En effet, dans le cas de telles maladies, le fardeau du patient n’est pas uniquement physique et social, mais aussi psychologique, ce qui engendre une responsabilité affective supplémentaire pour ses proches. Courtney Westlake l’affirme en ces termes : "Quand vous lirez comment un père s’occupe, avec tendresse, des cheveux de sa fille, cela ne sera pas à propos la "sensibilisation autour des ichthyoses", mais plutôt à propos d’un amour inconditionnel que nous pouvons tous ressentir pour nos nouveau-nés. Quand vous lirez que je souhaite que les autres parents construisent des ponts et non des murs autour de nous, ce ne sera pas à non plus pour la "sensibilisation autour des ichthyoses", mais plutôt un récit de la gentillesse et de la tolérance d’une mère envers son enfant."

Cependant, une autre bloggeuse du nom de Carly Findlay, écrivaine et activiste impliquée dans les combats qu’impliquent les ichthyoses, avait bénéficié, en 2013, d’une tribune dans The Guardian, laquelle mettait en garde contre le passage d’un extrême à l’autre, à savoir l’excès d’attention. "Les bonnes intentions peuvent être impolies et présomptueuses. Je déteste que les gens pensent que ma vie soit si difficile au point qu’il faille m’offrir une prière ou de la pitié. [...] Je déteste que les prières qu’ils m’offrent soient le produit d’une culpabilité personnelle due au malaise de ma présence, surtout lorsque je ne suis pas en train de souffrir. [...] Ces bonnes intentions mal placées demeurent ce qu’elles sont : intrusives et condescendantes.", a t-elle déclaré dans le quotidien.

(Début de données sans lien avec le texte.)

lemma sum_card_eq_sum_card_containing:
  assumes "finite P" "finite A" "\<And>C. C \<in> P \<Longrightarrow> C \<subseteq> A"
  shows "(\<Sum>C\<in>P. card C) = (\<Sum>i\<in>A. card {C \<in> P. i \<in> C})"
proof -
  have "(\<Sum>C\<in>P. card C) = (\<Sum>C\<in>P. \<Sum>i\<in>A. if i \<in> C then 1 else 0)"
    using assms by (intro sum.cong refl) (simp add: sum_if_mem_eq_card_mult)
  also have "\<dots> = (\<Sum>i\<in>A. \<Sum>C\<in>P. if i \<in> C then 1 else 0)"
    by (rule sum.swap)
  also have "\<dots> = (\<Sum>i\<in>A. card {C \<in> P. i \<in> C})"
    using assms(1) by (intro sum.cong refl) (simp add: sum.inter_filter[symmetric])
  finally show ?thesis .
qed

lemma card_support_mult_eq:
  assumes "is_sampling n S" "uniform_support n c1 S" "\<And>C. C \<in> set_pmf S \<Longrightarrow> card C = \<tau>"
  shows "card (set_pmf S) * \<tau> = n * c1"
proof -
  have "card (set_pmf S) * \<tau> = (\<Sum>C\<in>set_pmf S. card C)"
    using assms(3) by simp
  also have "\<dots> = (\<Sum>i<n. card {C \<in> set_pmf S. i \<in> C})"
    using assms(1) is_sampling_finite_support is_sampling_subset
    by (intro sum_card_eq_sum_card_containing) auto
  also have "\<dots> = n * c1"
    using assms(2) by (simp add: uniform_support_def)
  finally show ?thesis .
qed

lemma tau_uniform_bounds:
  assumes "is_sampling n S" "non_vacuous S" "tau_uniform n \<tau> S"
  shows "0 < \<tau>" "\<tau> \<le> n"
proof -
  obtain C where C: "C \<in> set_pmf S" using set_pmf_not_empty[of S] by blast
  have sub: "C \<subseteq> {..<n}" using assms(1) C by (rule is_sampling_subset)
  have "C \<noteq> {}" using assms(2) C by (auto simp: non_vacuous_def set_pmf_iff)
  moreover have "finite C" using sub by (rule finite_subset) simp
  moreover have "card C = \<tau>" using assms(3) C by (rule tau_uniform_card)
  ultimately show "0 < \<tau>" by auto
  show "\<tau> \<le> n" using card_mono[OF _ sub] \<open>card C = \<tau>\<close> by simp
qed

lemma incl_prob_eq_sum:
  assumes "finite (set_pmf S)"
  shows "incl_prob S i = (\<Sum>C\<in>set_pmf S. if i \<in> C then pmf S C else 0)"
proof -
  have "incl_prob S i = measure_pmf.prob S ({C. i \<in> C} \<inter> set_pmf S)"
    unfolding incl_prob_def
    by (intro measure_pmf.finite_measure_eq_AE) (auto simp: AE_measure_pmf_iff)
  also have "\<dots> = sum (pmf S) ({C. i \<in> C} \<inter> set_pmf S)"
    using assms by (simp add: measure_measure_pmf_finite)
  also have "\<dots> = (\<Sum>C\<in>set_pmf S. if i \<in> C then pmf S C else 0)"
    using assms by (simp add: sum.inter_restrict Int_commute)
  finally show ?thesis .
qed

lemma sum_incl_prob_eq_card:
  assumes "is_sampling n S" "\<And>C. C \<in> set_pmf S \<Longrightarrow> card C = \<tau>"
  shows "(\<Sum>i<n. incl_prob S i) = \<tau>"
proof -
  have fin: "finite (set_pmf S)" using assms(1) by (rule is_sampling_finite_support)
  have "(\<Sum>i<n. incl_prob S i) = (\<Sum>C\<in>set_pmf S. \<Sum>i<n. if i \<in> C then pmf S C else 0)"
    unfolding incl_prob_eq_sum[OF fin] by (rule sum.swap)
  also have "\<dots> = (\<Sum>C\<in>set_pmf S. \<tau> * pmf S C)"
    using assms is_sampling_subset by (intro sum.cong refl) (simp add: sum_if_mem_eq_card_mult)
  also have "\<dots> = \<tau>"
    using sum_pmf_eq_1[OF fin order.refl] by (simp flip: sum_distrib_left)
  finally show ?thesis .
qed

lemma incl_prob_tau_uniform:
  assumes "is_sampling n S" "tau_uniform n \<tau> S" "i < n"
  shows "incl_prob S i = \<tau> / n"
proof -
  have "incl_prob S j = incl_prob S i" if "j < n" for j
    using assms(2,3) that unfolding tau_uniform_def by blast
  then have "(\<Sum>j<n. incl_prob S j) = (\<Sum>j<n. incl_prob S i)"
    by (intro sum.cong) simp_all
  then have "real n * incl_prob S i = \<tau>"
    using sum_incl_prob_eq_card[OF assms(1) tau_uniform_card[OF assms(2)]] by simp
  then show ?thesis using assms(3) by (simp add: field_simps)
qed

lemma diag_real_mat_eq_mat_diag: "diag_real_mat n w = mat_diag n w"
  unfolding diag_real_mat_def mat_diag_def by (rule cong_mat) auto

lemma mat_diag_cong: "(\<And>i. i < n \<Longrightarrow> f i = g i) \<Longrightarrow> mat_diag n f = mat_diag n g"
  unfolding mat_diag_def by (rule cong_mat) auto

lemma sum_sorted_list_of_set_nth:
  assumes "finite C"
  shows "(\<Sum>b<card C. f (sorted_list_of_set C ! b)) = (\<Sum>c\<in>C. f c)"
  using assms sum_list_distinct_conv_sum_set[of "sorted_list_of_set C" f]
  by (simp add: sum_list_sum_nth atLeast0LessThan)

lemma pinv_eq_inverse:
  assumes A: "A \<in> carrier_mat n n" and B: "B \<in> carrier_mat n n"
    and AB: "A * B = 1\<^sub>m n" and BA: "B * A = 1\<^sub>m n"
  shows "pinv A = B"
  unfolding pinv_def
proof (rule the_equality)
  show "B \<in> carrier_mat (dim_col A) (dim_row A) \<and> A * B * A = A \<and> B * A * B = B
      \<and> transpose_mat (A * B) = A * B \<and> transpose_mat (B * A) = B * A"
    using A B by (simp add: AB BA)
next
  fix X assume "X \<in> carrier_mat (dim_col A) (dim_row A) \<and> A * X * A = A \<and> X * A * X = X
      \<and> transpose_mat (A * X) = A * X \<and> transpose_mat (X * A) = X * A"
  then have X: "X \<in> carrier_mat n n" and AXA: "A * X * A = A" using A by auto
  have "X = (B * A) * X * (A * B)" using X by (simp add: AB BA)
  also have "\<dots> = B * (A * X * A) * B" using A B X by (simp add: assoc_mult_mat[of _ n n _ n _ n])
  also have "\<dots> = B" using A B by (simp add: AXA BA)
  finally show "X = B" .
qed

lemma pinv_mat_diag:
  fixes f :: "nat \<Rightarrow> real"
  assumes "\<And>i. i < n \<Longrightarrow> f i \<noteq> 0"
  shows "pinv (mat_diag n f) = mat_diag n (\<lambda>i. 1 / f i)"
proof (rule pinv_eq_inverse)
  have "mat_diag n f * mat_diag n (\<lambda>i. 1 / f i) = mat_diag n (\<lambda>_. 1)"
    unfolding mat_diag_diag using assms by (intro mat_diag_cong) simp
  then show "mat_diag n f * mat_diag n (\<lambda>i. 1 / f i) = 1\<^sub>m n" by simp
  have "mat_diag n (\<lambda>i. 1 / f i) * mat_diag n f = mat_diag n (\<lambda>_. 1)"
    unfolding mat_diag_diag using assms by (intro mat_diag_cong) simp
  then show "mat_diag n (\<lambda>i. 1 / f i) * mat_diag n f = 1\<^sub>m n" by simp
qed simp_all

lemma I_sub_carrier: "I_sub n C \<in> carrier_mat n (card C)"
  by (simp add: I_sub_def)

lemma I_sub_index:
  "i < n \<Longrightarrow> b < card C \<Longrightarrow> I_sub n C $$ (i, b) = (if i = sorted_list_of_set C ! b then 1 else 0)"
  by (simp add: I_sub_def)

lemma I_sub_transpose_mult_mat_diag_mult:
  assumes C: "finite C" "C \<subseteq> {..<n}"
  shows "transpose_mat (I_sub n C) * mat_diag n f * I_sub n C
    = mat_diag (card C) (\<lambda>a. f (sorted_list_of_set C ! a))"
proof (rule eq_matI)
  let ?l = "sorted_list_of_set C"
  fix a b assume "a < dim_row (mat_diag (card C) (\<lambda>a. f (?l ! a)))"
    "b < dim_col (mat_diag (card C) (\<lambda>a. f (?l ! a)))"
  then have a: "a < card C" and b: "b < card C" by (auto simp: mat_diag_def)
  have la: "?l ! a < n" using a C by (metis length_sorted_list_of_set nth_mem set_sorted_list_of_set lessThan_iff subsetD)
  have "(transpose_mat (I_sub n C) * mat_diag n f * I_sub n C) $$ (a, b)
      = (\<Sum>k<n. if k = ?l ! a \<and> k = ?l ! b then f k else 0)"
    using a b I_sub_carrier[of n C]
    by (auto simp: mat_diag_mult_right[of _ "card C" n] scalar_prod_def I_sub_index atLeast0LessThan
        intro!: sum.cong)
  also have "\<dots> = (if ?l ! a = ?l ! b then f (?l ! a) else 0)"
    using la by (cases "?l ! a = ?l ! b") (auto intro!: sum.neutral)
  also have "\<dots> = mat_diag (card C) (\<lambda>a. f (?l ! a)) $$ (a, b)"
    using a b C(1) by (simp add: mat_diag_def nth_eq_iff_index_eq)
  finally show "(transpose_mat (I_sub n C) * mat_diag n f * I_sub n C) $$ (a, b)
      = mat_diag (card C) (\<lambda>a. f (?l ! a)) $$ (a, b)" .
qed (simp_all add: I_sub_def mat_diag_def)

En définitive, lorsqu’il s’agit d’aborder la question sociale des ichtyoses, il ressort des premiers concernés une volonté claire de faire comprendre les événements de sensibilisation comme une invitation à intégrer la maladie dans le champ de la normalité, ce qui peut avoir un retentissement extrêmement positif sur la vie quotidienne des patients. Ainsi, le message semble désormais le suivant : lorsque ces derniers sont traités comme n’importe quel individu, les bénéfices les plus inattendus peuvent être obtenus.